Rockler has the porter cable 4210 free right now if you buy a porter cable 690 router from them for $159. I just bought that deal and I'm pretty satisfied with the product(I think the sale is until 3/6?). Its not overly complex and it will handle several types of dovetail/finger joints with different templates. The 4210 comes with one template(4211) that that does half blind and sliding dovetails. There are two more templates out there that do through dovetails, finger joints and miniatures (models 4213 and 4215). The jig itself has stops for repeat cuts, alignment marks, and depth setting guides on it.
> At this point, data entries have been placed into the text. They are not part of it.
(* In the Fock space setting below, let $N\in\mathbb N$, $\alpha_n\in\mathcal B_n(B)$ for $n\in\{0,1,\ldots,N\}$, fix $i\in I$ and let \[ X=\sum_{n=0}^{N-1}\big(V_{i,n}(\alpha_n)+W_{i,n}(\alpha_n)\big),\qquad Y=X+V_{i,N}(\alpha_N)+W_{i,N}(\alpha_N). \] Then for all $b_0,\ldots,b_N\in B$, \[ \mathcal E(b_0Yb_1Y\cdots b_NY)=b_0\,\alpha_N(b_1\alpha_0,b_2\alpha_0,\ldots,b_N\alpha_0)+\mathcal E(b_0Xb_1X\cdots b_NX), \] where $b_j$ acts as $\lambda(b_j)$.
   Context: Let $B$ be a unital complex Banach algebra, $I$ a set, $\mathbb N=\{1,2,\ldots\}$. $D=\ell^1(I,B)$ is the Banach space of functions $d:I\to B$ with $\sum_i\|d(i)\|<\infty$, with left $B$-action $(bd)(i)=b\,d(i)$; $\delta_i\in D$ is $1$ at $i$ and $0$ elsewhere. $\mathcal F=B\Omega\oplus\bigoplus_{k\ge1}D^{\hat\otimes k}\hat\otimes B$ ($\ell^1$-direct sum of projective tensor products), with $B\Omega$ a copy of $B$ and $\Omega$ its unit. $\lambda(b)$: $b_0\Omega\mapsto(bb_0)\Omega$, $d_1\otimes\cdots\otimes d_k\otimes b_0\mapsto(bd_1)\otimes d_2\otimes\cdots\otimes d_k\otimes b_0$. $P:\mathcal F\to B$ is the projection onto $B\Omega$ killing the other summands, $\mathcal E(X)=P(X\Omega)$. $L_i(b_0\Omega)=\delta_i\otimes b_0$, $L_i(d_1\otimes\cdots\otimes d_k\otimes b_0)=\delta_i\otimes d_1\otimes\cdots\otimes d_k\otimes b_0$. $\mathcal B_n(B)$ is the set of bounded multilinear maps $B^n\to B$, $\mathcal B_0(B)=B$. For $n\ge1$, $\alpha_n\in\mathcal B_n(B)$: $V_{i,n}(\alpha_n)$ and $W_{i,n}(\alpha_n)$ vanish on $B\Omega$ and on $d_1\otimes\cdots\otimes d_k\otimes b_0$ with $k<n$; for $k=n$ they give $\alpha_n(d_1(i),\ldots,d_n(i))b_0\Omega$ and $\alpha_n(d_1(i),\ldots,d_n(i))\delta_i\otimes b_0$ respectively; for $k>n$ they give $\alpha_n(d_1(i),\ldots,d_n(i))d_{n+1}\otimes\cdots\otimes d_k\otimes b_0$ and $\alpha_n(d_1(i),\ldots,d_n(i))\delta_i\otimes d_{n+1}\otimes\cdots\otimes d_k\otimes b_0$ respectively. For $\alpha_0\in B$: $V_{i,0}(\alpha_0)=\lambda(\alpha_0)$, $W_{i,0}(\alpha_0)=\lambda(\alpha_0)L_i$. *)

theory Defs
  imports "HOL-Analysis.Analysis"
begin

text \<open>A unital complex Banach algebra is modelled as a type of class real_normed_algebra_1
  and banach together with a map iota from the complex numbers into its centre that extends
  the real scalars, is a unital ring homomorphism and is compatible with the norm;
  complex scalar multiplication c x is then iota c * x.\<close>

definition complex_structure :: "(complex \<Rightarrow> 'b::{real_normed_algebra_1,banach}) \<Rightarrow> bool" where
  "complex_structure \<iota> \<longleftrightarrow>
     (\<forall>r. \<iota> (complex_of_real r) = of_real r) \<and>
     (\<forall>c d. \<iota> (c + d) = \<iota> c + \<iota> d) \<and>
     (\<forall>c d. \<iota> (c * d) = \<iota> c * \<iota> d) \<and>
     (\<forall>c x. \<iota> c * x = x * \<iota> c) \<and>
     (\<forall>c x. norm (\<iota> c * x) = cmod c * norm x)"

definition bounded_multilinear_n ::
  "(complex \<Rightarrow> 'b::{real_normed_algebra_1,banach}) \<Rightarrow> nat \<Rightarrow> ('b list \<Rightarrow> 'b) \<Rightarrow> bool" where
  "bounded_multilinear_n \<iota> n f \<longleftrightarrow>
     (\<forall>xs ys x y. length xs + length ys + 1 = n \<longrightarrow>
        f (xs @ (x + y) # ys) = f (xs @ x # ys) + f (xs @ y # ys)) \<and>
     (\<forall>xs ys x c. length xs + length ys + 1 = n \<longrightarrow>
        f (xs @ (\<iota> c * x) # ys) = \<iota> c * f (xs @ x # ys)) \<and>
     (\<exists>K. \<forall>xs. length xs = n \<longrightarrow> norm (f xs) \<le> K * prod_list (map norm xs))"

text \<open>An elementary tensor d_1 (x) ... (x) d_k (x) b_0 is the pair (ds, b_0) with ds = [d_1,...,d_k];
  the pair ([], b_0) is b_0 Omega.  Elements d of D are functions I to B.
  A vector is a finite formal sum of elementary tensors (a list).
  Operators are given on elementary tensors and extended additively.\<close>

type_synonym ('i,'b) etensor = "('i \<Rightarrow> 'b) list \<times> 'b"
type_synonym ('i,'b) fock = "('i,'b) etensor list"

definition delta :: "'i \<Rightarrow> 'i \<Rightarrow> 'b::{real_normed_algebra_1,banach}" where
  "delta i = (\<lambda>j. if j = i then 1 else 0)"

definition Omega :: "('i,'b::{real_normed_algebra_1,banach}) fock" where
  "Omega = [([], 1)]"

definition ext_op :: "(('i,'b) etensor \<Rightarrow> ('i,'b) fock) \<Rightarrow> ('i,'b) fock \<Rightarrow> ('i,'b) fock" where
  "ext_op f v = concat (map f v)"

definition lam_e :: "'b::{real_normed_algebra_1,banach} \<Rightarrow> ('i,'b) etensor \<Rightarrow> ('i,'b) fock" where
  "lam_e b t = (case t of
      ([], b0) \<Rightarrow> [([], b * b0)]
    | (d # ds, b0) \<Rightarrow> [((\<lambda>j. b * d j) # ds, b0)])"

definition L_e :: "'i \<Rightarrow> ('i,'b::{real_normed_algebra_1,banach}) etensor \<Rightarrow> ('i,'b) fock" where
  "L_e i t = [(delta i # fst t, snd t)]"

definition V_e :: "'i \<Rightarrow> nat \<Rightarrow> ('b list \<Rightarrow> 'b) \<Rightarrow> ('i,'b::{real_normed_algebra_1,banach}) etensor
    \<Rightarrow> ('i,'b) fock" where
  "V_e i n \<alpha> t =
    (if n = 0 then lam_e (\<alpha> []) t
     else (let ds = fst t; b0 = snd t; a = \<alpha> (map (\<lambda>d. d i) (take n ds)) in
       if length ds < n then []
       else if length ds = n then [([], a * b0)]
       else [((\<lambda>j. a * (ds ! n) j) # drop (Suc n) ds, b0)]))"

definition W_e :: "'i \<Rightarrow> nat \<Rightarrow> ('b list \<Rightarrow> 'b) \<Rightarrow> ('i,'b::{real_normed_algebra_1,banach}) etensor
    \<Rightarrow> ('i,'b) fock" where
  "W_e i n \<alpha> t =
    (if n = 0 then ext_op (lam_e (\<alpha> [])) (L_e i t)
     else (let ds = fst t; b0 = snd t; a = \<alpha> (map (\<lambda>d. d i) (take n ds)) in
       if length ds < n then []
       else if length ds = n then [([(\<lambda>j. a * delta i j)], b0)]
       else [((\<lambda>j. a * delta i j) # drop n ds, b0)]))"

definition VW_sum_e :: "(nat \<Rightarrow> 'b list \<Rightarrow> 'b) \<Rightarrow> 'i \<Rightarrow> nat \<Rightarrow> ('i,'b::{real_normed_algebra_1,banach}) etensor
    \<Rightarrow> ('i,'b) fock" where
  "VW_sum_e \<alpha> i M t = concat (map (\<lambda>n. V_e i n (\<alpha> n) t @ W_e i n (\<alpha> n) t) [0..<M])"

definition Pproj :: "('i,'b::{real_normed_algebra_1,banach}) fock \<Rightarrow> 'b" where
  "Pproj v = sum_list (map snd (filter (\<lambda>t. fst t = []) v))"

text \<open>The word b_0 Z b_1 Z ... b_N Z applied to a vector, Z given on elementary tensors.\<close>

definition word_apply :: "(('i,'b) etensor \<Rightarrow> ('i,'b) fock) \<Rightarrow> (nat \<Rightarrow> 'b::{real_normed_algebra_1,banach})
    \<Rightarrow> nat \<Rightarrow> ('i,'b) fock \<Rightarrow> ('i,'b) fock" where
  "word_apply Z b N = foldr (\<lambda>j acc. ext_op (lam_e (b j)) \<circ> ext_op Z \<circ> acc) [0..<Suc N] id"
If you get the deal from Rockler, you have everything you need to do half blind and sliding dovetails out of the box, and its nice to have the spare router so i can leave my Bosch 1617 under the table. If you just want to jig, amazon has the best prices and you can get a 4210(4211 template), 4212(4211 and 4213 template), or 4216(4211, 4213, 4215 templates) in the range of $140-$180. I'm waiting to find the extra templates on sale personally. Hope this helps. There are several options out there, but I own this one, so I thought I'd comment.


----------



## StumpyNubs (Sep 25, 2010)

You could build one...


----------



## marcuscraft (Nov 14, 2012)

there's something wrong with you stumpy….(thats a compliment though)


----------



## BillWhite (Jul 23, 2007)

My 4210 does a good job. Easy set up. Got tight DTs after two trys.
Bill


----------



## pintodeluxe (Sep 12, 2010)

1+ on the 4210. It is Porter Cable's entry level jig, but is is sturdy and features an aluminum template (as opposed to plastic/phenolic). The clamps have long lever arms and sandpaper backed bars that hold the workpieces securely. It will cut half blind dovetails in one pass. Get the 4212 if you think you want to get into through dovetails. I use mine for making drawers, so half-blind is all I needed.

I use an optional 14 degree bit from Rockler, which makes a sturdier-- and to my eye more attractive joint than the stock bit. http://lumberjocks.com/topics/40073

The limitations with this jig are typical… dovetail spacing is fixed, max board width is 12", drawer height must be on 1"+1/4" increments for optimal appearance (ie: 2-1/4", 3-1/4", 4-1/4" high etc.).


----------